Copy each line from the data that has the word "real" in it.

▶ [SOURCE DATA]:

-------

(* Let $\mathcal{I}$ be an ideal on $\omega$. Then (1) $\mathrm{FIN}\otimes\mathcal{I}\notin P^-$, and (2) $\rho^{(\mathrm{FIN}\otimes\mathcal{I})}\in P^-$ (for any choice of almost disjoint family $\mathcal{A}$ and enumeration of $(\mathrm{FIN}\otimes\mathcal{I})^+$ in its definition).
   Context: An ideal on a set $X$: $\mathcal{J}\subseteq\mathcal{P}(X)$ with $\emptyset\in\mathcal{J}$, $X\notin\mathcal{J}$, closed under finite unions and subsets, containing all finite sets; $\mathcal{J}^+=\mathcal{P}(X)\setminus\mathcal{J}$. $\mathrm{FIN}\otimes\mathcal{I}$ is the ideal on $\omega\times\omega$: $A\in\mathrm{FIN}\otimes\mathcal{I}$ iff $\{n:\{k:(n,k)\in A\}\notin\mathcal{I}\}$ is finite. Definition of $\rho^{(\mathrm{FIN}\otimes\mathcal{I})}$: let $\mathcal{A}=\{A_\alpha:\alpha<\mathfrak{c}\}$ be an almost disjoint family on $\omega$ (pairwise distinct infinite subsets of $\omega$ with pairwise finite intersections), $(\mathrm{FIN}\otimes\mathcal{I})^+=\{B_\alpha:\alpha<\mathfrak{c}\}$ an enumeration, $P_n=\{n\}\times\omega$, $\overline{\mathcal{A}}=\{A\setminus K:A\in\mathcal{A},K\in[\omega]^{<\omega}\}$, and $\rho^{(\mathrm{FIN}\otimes\mathcal{I})}\colon\overline{\mathcal{A}}\to[\omega\times\omega]^\omega$, $\rho^{(\mathrm{FIN}\otimes\mathcal{I})}(A_\alpha\setminus K)=B_\alpha\setminus\bigcup\{P_n:n<\max(K\cap A_\alpha)\}$, with $\max\emptyset=0$. This is a partition regular function (domain $\overline{\mathcal{A}}\subseteq[\omega]^\omega$, values in $[\omega\times\omega]^\omega$) with $\mathcal{I}_{\rho}=\mathrm{FIN}\otimes\mathcal{I}$. For a function $\rho\colon\mathcal{F}\to[\Lambda]^\omega$, $\mathcal{F}\subseteq[\Omega]^\omega$, let $\mathcal{I}_\rho=\{A\subseteq\Lambda:\forall F\in\mathcal{F}\ \rho(F)\not\subseteq A\}$; $\rho\in P^-$ means: for every decreasing $A_0\supseteq A_1\supseteq\dots$ of subsets of $\Lambda$ with $A_0\notin\mathcal{I}_\rho$ and $A_n\setminus A_{n+1}\in\mathcal{I}_\rho$ for all $n$, there is $F\in\mathcal{F}$ with $\rho(F)\subseteq A_0$ such that for each $n$ some finite $K\subseteq\Omega$ has $\rho(F\setminus K)\subseteq A_n$. For an ideal $\mathcal{J}$ on $\Lambda$, $\mathcal{J}\in P^-$ means: for every decreasing $A_0\supseteq A_1\supseteq\dots$ with $A_0\in\mathcal{J}^+$ and $A_n\setminus A_{n+1}\in\mathcal{J}$ there is $B\in\mathcal{J}^+$, $B\subseteq A_0$, with $B\setminus A_n$ finite for each $n$. *)

theory Defs
  imports Main
begin
(* Let $4.999\le r\le 5$, $1\le\theta\le 2.2$, and $\delta\in\mathbb{R}$. Define $u_0=u_1=1$, $u_2=\theta+\delta$, and $u_n=(r-\theta)u_{n-1}-(r-2\theta)u_{n-2}-\theta u_{n-3}$ for $n\ge 3$. Let $q(x)=1-(r-\theta)x+(r-2\theta)x^2+\theta x^3$ with discriminant $D=-27\theta^2-4\theta^3+6\theta^2r+6\theta r^2+\theta^2r^2-4r^3-2\theta r^3+r^4$. Suppose $D<0$, so that $q$ has one real root $\alpha$ and two non-real complex conjugate roots $\beta,\gamma$, and suppose $|\alpha|>1>|\beta|=|\gamma|>0$. Then $u_N\ge u_{N+1}$ for some integer $N>0$. *)

theory Defs
  imports "HOL-Analysis.Analysis" "HOL-Computational_Algebra.Polynomial"
begin

fun useq :: "real \<Rightarrow> real \<Rightarrow> real \<Rightarrow> nat \<Rightarrow> real" where
  "useq r \<theta> \<delta> 0 = 1"
| "useq r \<theta> \<delta> (Suc 0) = 1"
| "useq r \<theta> \<delta> (Suc (Suc 0)) = \<theta> + \<delta>"
| "useq r \<theta> \<delta> (Suc (Suc (Suc n))) =
     (r - \<theta>) * useq r \<theta> \<delta> (Suc (Suc n)) - (r - 2*\<theta>) * useq r \<theta> \<delta> (Suc n)
     - \<theta> * useq r \<theta> \<delta> n"

definition qpoly :: "real \<Rightarrow> real \<Rightarrow> real poly" where
  "qpoly r \<theta> = [:1, -(r - \<theta>), r - 2*\<theta>, \<theta>:]"

definition qdisc :: "real \<Rightarrow> real \<Rightarrow> real" where
  "qdisc r \<theta> = -27*\<theta>^2 - 4*\<theta>^3 + 6*\<theta>^2*r + 6*\<theta>*r^2 + \<theta>^2*r^2
     - 4*r^3 - 2*\<theta>*r^3 + r^4"

end

theory Submission
  imports Defs
begin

-------

▶ [ANSWER SECTION]:
(* Let $4.999\le r\le 5$, $1\le\theta\le 2.2$, and $\delta\in\mathbb{R}$. Define $u_0=u_1=1$, $u_2=\theta+\delta$, and $u_n=(r-\theta)u_{n-1}-(r-2\theta)u_{n-2}-\theta u_{n-3}$ for $n\ge 3$. Let $q(x)=1-(r-\theta)x+(r-2\theta)x^2+\theta x^3$ with discriminant $D=-27\theta^2-4\theta^3+6\theta^2r+6\theta r^2+\theta^2r^2-4r^3-2\theta r^3+r^4$. Suppose $D<0$, so that $q$ has one real root $\alpha$ and two non-real complex conjugate roots $\beta,\gamma$, and suppose $|\alpha|>1>|\beta|=|\gamma|>0$. Then $u_N\ge u_{N+1}$ for some integer $N>0$. *)
fun useq :: "real \<Rightarrow> real \<Rightarrow> real \<Rightarrow> nat \<Rightarrow> real" where
definition qpoly :: "real \<Rightarrow> real \<Rightarrow> real poly" where
definition qdisc :: "real \<Rightarrow> real \<Rightarrow> real" where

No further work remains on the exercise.